Table 3: Quantile ranges for the samples

(1-\text{ANDP}_{t}^{(i)})_{i=1}^{M}

and

(\text{AROC}_{t}^{(i)})_{i=1}^{M}

, as defined in (29) and (30). The quantiles considered are

2.5\%

and

97.5\%

. The five intervals in each cell are for times

t=1,2,3,4,5

, in that order.

Below, in Figure 1 we also present some histograms of the actual returns and risks of ruin, in order to get a sense of the spread of these values.

Refer to caption — Figure 1: The top two figures correspond to the AR(1)-GARCH(1,1) model. The bottom two figures correspond to the life insurance model with 10 cohorts.

From these we can observe that the quantity representing the actual returns seems to be quite sensitive to model errors, if we recall the rather small size of the RMSE values.

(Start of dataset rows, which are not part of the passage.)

lemma kernel_walk_leaf_edge_excess:
  assumes kw: "kernel_walk m W" and v: "v \<in> {1..m}" "vdeg W v = 1"
    and e: "e \<in> walk_edges W" "v \<in> e"
  shows "e \<in> excess_edges W"
proof (cases "v = hd W")
  case True
  then show ?thesis
    using kw v e unfolding kernel_walk_def excess_edges_def by simp
next
  case False
  then have "\<not> simple_edge W e"
    using kw v e unfolding kernel_walk_def by simp
  then show ?thesis
    using kernel_walk_imp_tree_walk[OF kw] e excess_edge_if_not_simple[of m W e]
    unfolding excess_edges_def by simp
qed

lemma kernel_walk_degree_two_excess:
  assumes "kernel_walk m W" "v \<in> {1..m}" "v \<noteq> hd W" "vdeg W v = 2"
  shows "\<exists>e\<in>excess_edges W. v \<in> e"
proof -
  obtain e where "e \<in> walk_edges W" "v \<in> e" "\<not> simple_edge W e"
    using assms unfolding kernel_walk_def by auto
  then show ?thesis
    using kernel_walk_imp_tree_walk[OF assms(1)] excess_edge_if_not_simple[of m W e]
    unfolding excess_edges_def by auto
qed

text \<open>Two leaves sharing their edge form a connected component, hence the whole tree.\<close>
lemma tree_walk_adjacent_leaves:
  assumes tw: "tree_walk m W" and e: "{v, w} \<in> walk_edges W" "v \<noteq> w"
    and deg: "vdeg W v = 1" "vdeg W w = 1"
  shows "m \<le> 2"
proof -
  have only_edge: "e = {v, w}" if "e \<in> walk_edges W" "x \<in> e" "x \<in> {v, w}" for e x
  proof -
    have "card {e \<in> walk_edges W. x \<in> e} = 1"
      using deg that(3) unfolding vdeg_def by auto
    moreover have "{v, w} \<in> {e \<in> walk_edges W. x \<in> e}" "e \<in> {e \<in> walk_edges W. x \<in> e}"
      using e that by auto
    ultimately show ?thesis
      by (metis card_1_singletonE singletonD)
  qed
  have closed: "c \<in> {v, w}" if "(v, c) \<in> (adj (walk_edges W))\<^sup>*" for c
    using that
  proof (induction rule: rtrancl_induct)
    case (step y z)
    then show ?case
      using only_edge[of "{y, z}" y] unfolding adj_def by auto
  qed simp
  have "v \<in> {1..m}"
    using walk_edge_doubleton[OF tw e(1)] e(2) by (auto simp: doubleton_eq_iff)
  then have "{1..m} \<subseteq> {v, w}"
    using closed tree_walk_connected[OF tw] by blast
  then have "card {1..m} \<le> card {v, w}"
    by (intro card_mono) auto
  then show ?thesis
    using e(2) by simp
qed
lemma inj_on_column_combination:
  assumes "general_position h c M" "S \<subseteq> M" "finite S" "card S \<le> h"
  shows "inj_on (column_combination h c S) (S \<rightarrow>\<^sub>E UNIV)"
proof (rule inj_onI)
  fix x y assume x: "x \<in> S \<rightarrow>\<^sub>E UNIV" and y: "y \<in> S \<rightarrow>\<^sub>E UNIV"
    and eq: "column_combination h c S x = column_combination h c S y"
  have "(\<Sum>i\<in>S. c (j, i) * (x i - y i)) = 0" if "j < h" for j
    using fun_cong[OF eq, of j] that
    by (simp add: column_combination_def right_diff_distrib sum_subtractf)
  then have "x i - y i = 0" if "i \<in> S" for i
    using general_positionD[OF assms, of "\<lambda>i. x i - y i"] that by blast
  then show "x = y" using x y by (auto intro: PiE_ext)
qed

lemma card_column_span:
  fixes c :: "nat \<times> nat \<Rightarrow> 'a::{finite,field}"
  assumes "general_position h c M" "S \<subseteq> M" "finite S" "card S \<le> h"
  shows "card (column_span h c S) = CARD('a) ^ card S"
  using inj_on_column_combination[OF assms] assms(3)
  by (simp add: column_span_def card_image card_PiE)
lemma A0_sum: "(\<And>i. i \<in> S \<Longrightarrow> f i \<in> A0) \<Longrightarrow> (\<Sum>i\<in>S. f i) \<in> A0"
  by (induction S rule: infinite_finite_induct) (auto simp: A0_0 A0_add)

lemma A1_sum: "(\<And>i. i \<in> S \<Longrightarrow> f i \<in> A1) \<Longrightarrow> (\<Sum>i\<in>S. f i) \<in> A1"
  by (induction S rule: infinite_finite_induct) (auto simp: A1_0 A1_add)

lemma graded_decomposition: "\<exists>!p. fst p \<in> A0 \<and> snd p \<in> A1 \<and> x = fst p + snd p"
  using superalgebra unfolding superalgebra_def by blast

definition even_part :: "'a \<Rightarrow> 'a" where
  "even_part x = fst (THE p. fst p \<in> A0 \<and> snd p \<in> A1 \<and> x = fst p + snd p)"

definition odd_part :: "'a \<Rightarrow> 'a" where
  "odd_part x = snd (THE p. fst p \<in> A0 \<and> snd p \<in> A1 \<and> x = fst p + snd p)"

lemma even_part_odd_part: "even_part x \<in> A0" "odd_part x \<in> A1" "x = even_part x + odd_part x"
  using theI'[OF graded_decomposition[of x]] unfolding even_part_def odd_part_def by blast+

lemma parts_unique:
  assumes "a \<in> A0" "b \<in> A1" "x = a + b"
  shows "even_part x = a" "odd_part x = b"
proof -
  have "(THE p. fst p \<in> A0 \<and> snd p \<in> A1 \<and> x = fst p + snd p) = (a, b)"
    using assms by (intro the1_equality[OF graded_decomposition]) auto
  then show "even_part x = a" "odd_part x = b" unfolding even_part_def odd_part_def by auto
qed

lemma one_A0: "1 \<in> A0"
proof -
  define e0 e1 where "e0 = even_part 1" and "e1 = odd_part 1"
  have e0: "e0 \<in> A0" and e1: "e1 \<in> A1" and one: "1 = e0 + e1"
    using even_part_odd_part[of 1] unfolding e0_def e1_def by simp_all
  have "e1 = e1 * e1 + e0 * e1" using one by (metis add.commute distrib_right mult_1_left)
  then have "e0 * e1 = e1"
    using parts_unique(2)[OF A0_0 e1] parts_unique(2)[OF mult_A1_A1[OF e1 e1] mult_A0_A1[OF e0 e1]]
    by simp
  moreover have "e0 = e0 * e0 + e0 * e1" using one by (metis distrib_left mult_1_right)
  then have "e0 * e1 = 0"
    using parts_unique(2)[OF e0 A1_0] parts_unique(2)[OF mult_A0_A0[OF e0 e0] mult_A0_A1[OF e0 e1]]
    by simp
  ultimately show ?thesis using one e0 by simp
qed

definition parity :: "'a \<Rightarrow> 'a" where
  "parity x = even_part x - odd_part x"

lemma parity_eq: "a \<in> A0 \<Longrightarrow> b \<in> A1 \<Longrightarrow> parity (a + b) = a - b"
  unfolding parity_def using parts_unique by simp

lemma parity_A0: "a \<in> A0 \<Longrightarrow> parity a = a"
  using parity_eq[OF _ A1_0] by simp

lemma parity_A1: "b \<in> A1 \<Longrightarrow> parity b = - b"
  using parity_eq[OF A0_0] by simp

lemma parity_add: "parity (x + y) = parity x + parity y"
proof -
  have "x + y = (even_part x + even_part y) + (odd_part x + odd_part y)"
    using even_part_odd_part(3)[of x] even_part_odd_part(3)[of y] by (simp add: algebra_simps)
  then show ?thesis
    unfolding parity_def[of x] parity_def[of y]
    by (simp add: parity_eq A0_add A1_add even_part_odd_part)
qed

lemma parity_diff: "parity (x - y) = parity x - parity y"
  using parity_add[of "x - y" y] by (simp add: eq_diff_eq)

lemma parity_mult: "parity (x * y) = parity x * parity y"
proof -
  define x0 x1 y0 y1 where "x0 = even_part x" "x1 = odd_part x" "y0 = even_part y" "y1 = odd_part y"
  have h: "x0 \<in> A0" "x1 \<in> A1" "y0 \<in> A0" "y1 \<in> A1" "x = x0 + x1" "y = y0 + y1"
    using even_part_odd_part unfolding x0_x1_y0_y1_def by auto
  have "x * y = (x0 * y0 + x1 * y1) + (x0 * y1 + x1 * y0)"
    using h(5,6) by (simp add: algebra_simps)
  then have "parity (x * y) = (x0 * y0 + x1 * y1) - (x0 * y1 + x1 * y0)"
    using h(1-4) by (simp add: parity_eq A0_add A1_add mult_A0_A0 mult_A0_A1 mult_A1_A0 mult_A1_A1)
  also have "\<dots> = (x0 - x1) * (y0 - y1)"
    by (simp add: algebra_simps)
  finally show ?thesis using h by (simp add: parity_eq)
qed

lemma parity_parity: "parity (parity x) = x"
  using even_part_odd_part[of x] parity_eq[OF even_part_odd_part(1) A1_uminus[OF even_part_odd_part(2)]]
  unfolding parity_def[of x] by simp

lemma parity_jacobson:
  assumes "x \<in> jacobson"
  shows "parity x \<in> jacobson"
  unfolding jacobson_def mem_Collect_eq
proof
  fix a
  obtain b where "b * (1 - parity a * x) = 1" using assms unfolding jacobson_def by blast
  then have "parity (b * (1 - parity a * x)) = 1" using parity_A0[OF one_A0] by simp
  then have "parity b * (1 - a * parity x) = 1"
    by (simp add: parity_mult parity_diff parity_A0[OF one_A0] parity_parity)
  then show "\<exists>b. b * (1 - a * parity x) = 1" by blast
qed

definition graded_assignment :: "(var \<Rightarrow> 'a) \<Rightarrow> bool" where
  "graded_assignment \<rho> \<longleftrightarrow> (\<forall>i. \<rho> (Inl i) \<in> A0) \<and> (\<forall>j. \<rho> (Inr j) \<in> A1)"

lemma Cgr_iff:
  "f \<in> Cgr sc A0 A1 \<longleftrightarrow>
     f \<in> fpoly \<and> f [] = 0 \<and> (\<forall>\<rho>. graded_assignment \<rho> \<longrightarrow> peval sc \<rho> f \<in> alg_center)"
  unfolding Cgr_def graded_assignment_def by auto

Model	Running time valuation (HH:MM)	Running time validation (HH:MM)
one single AR(1)-GARCH(1,1)	00:06	00:10
a sum of 10 AR(1)-GARCH(1,1)	00:33	00:39
Life model with 4 cohorts	12:48	02:30
Life model with 10 cohorts	13:29	02:44

Table 4: Run time of each model in hours and minutes. Run specifications are described in section 4.2.3

Table 4 displays the running times of each model. As far as is known, the main factor determining running time of Algoritm 1 is the repeated calculation of the basis functions inside the nested simulation (required to calculate the quantities $Y_{t+1}^{i,j}$ in the inner for-loop). As these are quite many for models with high-dimensional state spaces, we see that running times increase accordingly. It should be noted that Algorithm 1 was not implemented to run as fast as possible for any specific model, other than the implementation of parallel programming. Speed could potentially be gained by adapting Algorithm 1 for specific models of interest.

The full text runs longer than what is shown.